After his usual visit to Ryde he returned to London in the autumn. We find him writing to Murray, then in Edinburgh:—

Mr. Gifford to John Murray.
James Street, October 20th, 1814.
My dear Sir,

What can I say in return for your interesting and amusing letter? I live here quite alone, and see nobody, so that I have not a word of news for you. I delight in your visit to Scotland, which I am sure would turn to good, and which I hope you will, as you say, periodically repeat. It makes me quite happy to find you beating up for recruits, and most ardently do I wish you success. Mention me kindly to Scott, and tell him how much I long to renew our wonted acquaintance. Southey’s article is, I think, excellent I have softened matters a little.
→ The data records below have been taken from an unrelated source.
theorem proposition2p4:
  fixes a b c m1 m2 :: int
    and l2 :: real
    and u1 u2 u3 w1 V0 V1 V2 Q :: "real \<times> real"
    and M :: "real \<times> real \<Rightarrow> real \<times> real"
    and \<Delta>' :: "(real \<times> real) set"
  assumes markov: "a > 0" "b > 0" "c > 0" "a^2 + b^2 + c^2 = 3 * a * b * c"
    and m_pos: "m1 > 0" "m2 > 0"
    and m_eq: "a^2 * m1 + b^2 * m2 = c^2"
    and l2_def: "l2 = real_of_int (m2 + 1) / real_of_int a"
    and u1_def: "u1 = (real_of_int (b^2), - real_of_int m1)"
    and u2_def: "u2 = - (real_of_int (a^2), real_of_int m2)"
    and u3_def: "u3 = (0, 1)"
    and w1_def: "w1 = - (real_of_int a, l2)"
    and V1_def: "V1 = V0 + real_of_int (a^2) *\<^sub>R u1"
    and V2_def: "V2 = V1 + real_of_int (b^2) *\<^sub>R u2"
    and Q_on_line: "\<exists>t::real. Q = V2 + t *\<^sub>R w1"
    and Q_on_edge: "Q \<in> closed_segment V0 V1"
    and M_def: "M = shear_map V2 w1"
    and Delta'_def: "\<Delta>' = convex hull {V0, Q, V2} \<union> M ` (convex hull {Q, V1, V2})"
  shows "\<exists>(lam::real) P1 P2 P3. lam > 0 \<and> \<not> collinear {P1, P2, P3} \<and>
           \<Delta>' = convex hull {P1, P2, P3} \<and>
           has_affine_length (P2 - P1) (lam * real_of_int (c^2)) \<and>
           has_affine_length (P3 - P2) (lam * real_of_int (b^2)) \<and>
           has_affine_length (P1 - P3) (lam * real_of_int ((3 * b * c - a)^2))"
proof -
  have abc: "markov_triple a b c"
    using markov unfolding markov_triple_def by simp
  define a' where "a' = 3 * b * c - a"
  have aa': "real_of_int a * real_of_int a' = (real_of_int b)^2 + (real_of_int c)^2"
    using arg_cong[OF markov_vieta_product[OF abc], of real_of_int] unfolding a'_def by simp
  obtain k where k: "b^2 * k = a'^2 - c^2 * m1" "coprime (c^2) k"
    using markov_transfer_direction[OF abc m_eq] unfolding a'_def by blast
  have k_real: "(real_of_int b)^2 * real_of_int k = (real_of_int a')^2 - (real_of_int c)^2 * real_of_int m1"
    using arg_cong[OF k(1), of real_of_int] by simp
  interpret cut_transfer "of_int a" "of_int b" "of_int c" "of_int m1" "of_int m2" l2 V0 V1 V2 w1 Q
    using markov m_eq l2_def w1_def V1_def V2_def u1_def u2_def Q_on_line Q_on_edge
    by unfold_locales (simp_all flip: of_int_power of_int_mult of_int_add)
  define lam where "lam = real_of_int a / real_of_int a'"
  note edges = edge_vectors[OF aa' k_real, folded lam_def]
  show ?thesis
  proof (intro exI conjI)
    show "0 < lam"
      unfolding lam_def using markov(1) markov_neighbour_pos[OF abc, folded a'_def] by simp
    show "\<not> collinear {V0, Q, R}" by (rule not_collinear)
    show "\<Delta>' = convex hull {V0, Q, R}"
      unfolding Delta'_def M_def by (rule transferred_diagram)
    show "has_affine_length (Q - V0) (lam * real_of_int (c^2))"
      using has_affine_length_coprime[of "b^2" "- m1"] markov_weight_coprime[OF abc m_eq]
        \<open>0 < lam\<close> edges(1) by simp
    show "has_affine_length (R - Q) (lam * real_of_int (b^2))"
      using has_affine_length_coprime[of "- (c^2)" "- k"] k(2) \<open>0 < lam\<close> edges(2) by simp
    show "has_affine_length (V0 - R) (lam * real_of_int ((3 * b * c - a)^2))"
      using has_affine_length_coprime[of 0 1] \<open>0 < lam\<close> edges(3) unfolding a'_def by simp
  qed
qed

end
lemma if_sum_mult_if_sum: "(x1 + (if P then x2 else 0)) * (y1 + (if Q then y2 else 0)) =
   x1 * y1 + (if Q then x1 * y2 else 0) + (if P then x2 * y1 else 0)
       + (if P \<and> Q then x2 * y2 else (0::'a::ring))"
  by (simp add: distrib_left distrib_right add.assoc)

context
  fixes E :: "('v,'e) graph" and S :: "'v set"
  assumes wf: "wf_graph E" and SR: "S \<subseteq> regular E"
begin

lemma nc_over_psi: "g \<in> gens E \<Longrightarrow> nc_over (gens (ES_graph E S)) (psi_nc E S g)"
  using rng_in_verts[OF wf] by (cases g) (auto simp: psi_nc_simps intro!: nc_over_add)

lemma psi_rel_V: assumes "v \<in> verts E" "w \<in> verts E"
  shows "ideal_cong (L_ideal_nc (ES_graph E S)) (psi_nc E S (GV v) * psi_nc E S (GV w))
      (if v = w then psi_nc E S (GV v) else (0::(('v + 'v,'e + 'e) gen,'k::field) ncpoly))"
proof -
  have "ideal_cong (L_ideal_nc (ES_graph E S)) (psi_nc E S (GV v) * psi_nc E S (GV w))
      ((if (Inl v :: 'v + 'v) = Inl w then vtx (Inl v) else 0)
      + (if w \<in> split_verts E S then (if Inl v = Inr w then vtx (Inl v) else 0) else 0)
      + (if v \<in> split_verts E S then (if Inr v = Inl w then vtx (Inr v) else 0) else 0)
      + (if v \<in> split_verts E S \<and> w \<in> split_verts E S then
          (if Inr v = (Inr w :: 'v + 'v) then vtx (Inr v) else 0) else 0))"
    unfolding psi_nc_simps if_sum_mult_if_sum
    by (intro ideal_cong_add ideal_cong_if_zero vtx_mult_vtx_rel) (use assms in auto)
  also have "\<dots> = (if v = w then psi_nc E S (GV v) else 0)"
    by (cases "v = w") (auto simp: psi_nc_simps)
  finally show ?thesis .
qed

lemma psi_rel_E1_src: assumes "e \<in> edges E"
  shows "ideal_cong (L_ideal_nc (ES_graph E S)) (psi_nc E S (GV (src E e)) * psi_nc E S (GE e))
      (psi_nc E S (GE e) :: (('v + 'v,'e + 'e) gen,'k::field) ncpoly)"
proof -
  have s: "src E e \<in> verts E" by (rule src_in_verts[OF wf assms])
  have "ideal_cong (L_ideal_nc (ES_graph E S)) (psi_nc E S (GV (src E e)) * psi_nc E S (GE e))
      ((if Inl (src E e) = src (ES_graph E S) (Inl e) then edg (Inl e) else 0)
      + (if rng E e \<in> split_verts E S then (if Inl (src E e) = src (ES_graph E S) (Inr e) then edg
          (Inr e) else 0) else 0)
      + (if src E e \<in> split_verts E S then (if Inr (src E e) = src (ES_graph E S) (Inl e) then edg
          (Inl e) else 0) else 0)
      + (if src E e \<in> split_verts E S \<and> rng E e \<in> split_verts E S then
          (if Inr (src E e) = src (ES_graph E S) (Inr e) then edg (Inr e) else 0) else 0))"
    unfolding psi_nc_simps if_sum_mult_if_sum
    by (intro ideal_cong_add ideal_cong_if_zero vtx_mult_edg[OF wf_graph_ES[OF wf]])
        (use assms s in auto)
  also have "\<dots> = psi_nc E S (GE e)"
    by (simp add: psi_nc_simps)
  finally show ?thesis .
qed

lemma psi_rel_E1_rng: assumes "e \<in> edges E"
  shows "ideal_cong (L_ideal_nc (ES_graph E S)) (psi_nc E S (GE e) * psi_nc E S (GV (rng E e)))
      (psi_nc E S (GE e) :: (('v + 'v,'e + 'e) gen,'k::field) ncpoly)"
proof -
  have s: "rng E e \<in> verts E" by (rule rng_in_verts[OF wf assms])
  have "ideal_cong (L_ideal_nc (ES_graph E S)) (psi_nc E S (GE e) * psi_nc E S (GV (rng E e)))
      ((if rng (ES_graph E S) (Inl e) = Inl (rng E e) then edg (Inl e) else 0)
      + (if rng E e \<in> split_verts E S then (if rng (ES_graph E S) (Inl e) = Inr (rng E e) then edg
          (Inl e) else 0) else 0)
      + (if rng E e \<in> split_verts E S then (if rng (ES_graph E S) (Inr e) = Inl (rng E e) then edg
          (Inr e) else 0) else 0)
      + (if rng E e \<in> split_verts E S \<and> rng E e \<in> split_verts E S then
          (if rng (ES_graph E S) (Inr e) = Inr (rng E e) then edg (Inr e) else 0) else 0))"
    unfolding psi_nc_simps if_sum_mult_if_sum
    by (intro ideal_cong_add ideal_cong_if_zero edg_mult_vtx[OF wf_graph_ES[OF wf]])
        (use assms s in auto)
  also have "\<dots> = psi_nc E S (GE e)"
    by (simp add: psi_nc_simps)
  finally show ?thesis .
qed

lemma psi_rel_E2_rng: assumes "e \<in> edges E"
  shows "ideal_cong (L_ideal_nc (ES_graph E S)) (psi_nc E S (GV (rng E e)) * psi_nc E S (GG e))
      (psi_nc E S (GG e) :: (('v + 'v,'e + 'e) gen,'k::field) ncpoly)"
proof -
  have s: "rng E e \<in> verts E" by (rule rng_in_verts[OF wf assms])
  have "ideal_cong (L_ideal_nc (ES_graph E S)) (psi_nc E S (GV (rng E e)) * psi_nc E S (GG e))
      ((if Inl (rng E e) = rng (ES_graph E S) (Inl e) then ghost (Inl e) else 0)
      + (if rng E e \<in> split_verts E S then (if Inl (rng E e) = rng (ES_graph E S) (Inr e) then ghost
          (Inr e) else 0) else 0)
      + (if rng E e \<in> split_verts E S then (if Inr (rng E e) = rng (ES_graph E S) (Inl e) then ghost
          (Inl e) else 0) else 0)
      + (if rng E e \<in> split_verts E S \<and> rng E e \<in> split_verts E S then
          (if Inr (rng E e) = rng (ES_graph E S) (Inr e) then ghost (Inr e) else 0) else 0))"
    unfolding psi_nc_simps if_sum_mult_if_sum
    by (intro ideal_cong_add ideal_cong_if_zero vtx_mult_ghost[OF wf_graph_ES[OF wf]])
        (use assms s in auto)
  also have "\<dots> = psi_nc E S (GG e)"
    by (simp add: psi_nc_simps)
  finally show ?thesis .
qed

lemma psi_rel_E2_src: assumes "e \<in> edges E"
  shows "ideal_cong (L_ideal_nc (ES_graph E S)) (psi_nc E S (GG e) * psi_nc E S (GV (src E e)))
      (psi_nc E S (GG e) :: (('v + 'v,'e + 'e) gen,'k::field) ncpoly)"
proof -
  have s: "src E e \<in> verts E" by (rule src_in_verts[OF wf assms])
  have "ideal_cong (L_ideal_nc (ES_graph E S)) (psi_nc E S (GG e) * psi_nc E S (GV (src E e)))
      ((if src (ES_graph E S) (Inl e) = Inl (src E e) then ghost (Inl e) else 0)
      + (if src E e \<in> split_verts E S then (if src (ES_graph E S) (Inl e) = Inr (src E e) then ghost
          (Inl e) else 0) else 0)
      + (if rng E e \<in> split_verts E S then (if src (ES_graph E S) (Inr e) = Inl (src E e) then ghost
          (Inr e) else 0) else 0)
      + (if rng E e \<in> split_verts E S \<and> src E e \<in> split_verts E S then
          (if src (ES_graph E S) (Inr e) = Inr (src E e) then ghost (Inr e) else 0) else 0))"
    unfolding psi_nc_simps if_sum_mult_if_sum
    by (intro ideal_cong_add ideal_cong_if_zero ghost_mult_vtx[OF wf_graph_ES[OF wf]])
        (use assms s in auto)
  also have "\<dots> = psi_nc E S (GG e)"
    by (simp add: psi_nc_simps)
  finally show ?thesis .
qed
Barrow is hard at work on Flinders [Q. R. 23]. I have still a most melancholy house. My poor housekeeper is going fast. Nothing can save her, and I lend all my care to soften her declining days. She has a physician every second day, and takes a world of medicines, more for their profit than her own, poor thing. She lives on fruit, grapes principally, and a little game, which is the only food she can digest. Guess at my expenses; but I owe in some measure the extension of my feeble life to her care through a long succession of years, and I would cheerfully divide my last farthing with
her. I will not trouble you again on this subject, which is a mere concern of my own; but you have been very kind to her, and she is sensible of it.

With respect to this worthy woman, it may be added that she died on the 6th of February, 1815, carefully waited on to the last by her affectionate master. She was buried in South Audley Street Church, Grosvenor Square, where Gifford erected a tomb over her, and placed on it a very touching epitaph, concluding with these words: “Her deeply-affected master erected this stone to her memory, as a faithful testimony of her uncommon worth, and of his gratitude, respect, and affection for her long and meritorious services.”*

* See Gentleman’s Magazine, January 1816. Hazlitt published a cruel and libellous pamphlet in 1819, entitled ‘A Letter to William Gifford,’ in which he hinted that some improper connection had subsisted between himself and his “frail memorial.” Hazlitt wrote this pamphlet because of a criticism on the ‘Round Table’ in the Quarterly, which Gifford did not write, and of a criticism of Hunt’sRimini,’ published by Mr. Murray, which was also the work of another writer. But Gifford never took any notice of these libellous attacks upon him. He held that secrecy between himself and the contributors to the Quarterly was absolutely necessary. Hazlitt, in the above pamphlet, also attacks Murray, Croker, Canning, Southey, and others whom he supposed to be connected with the Review.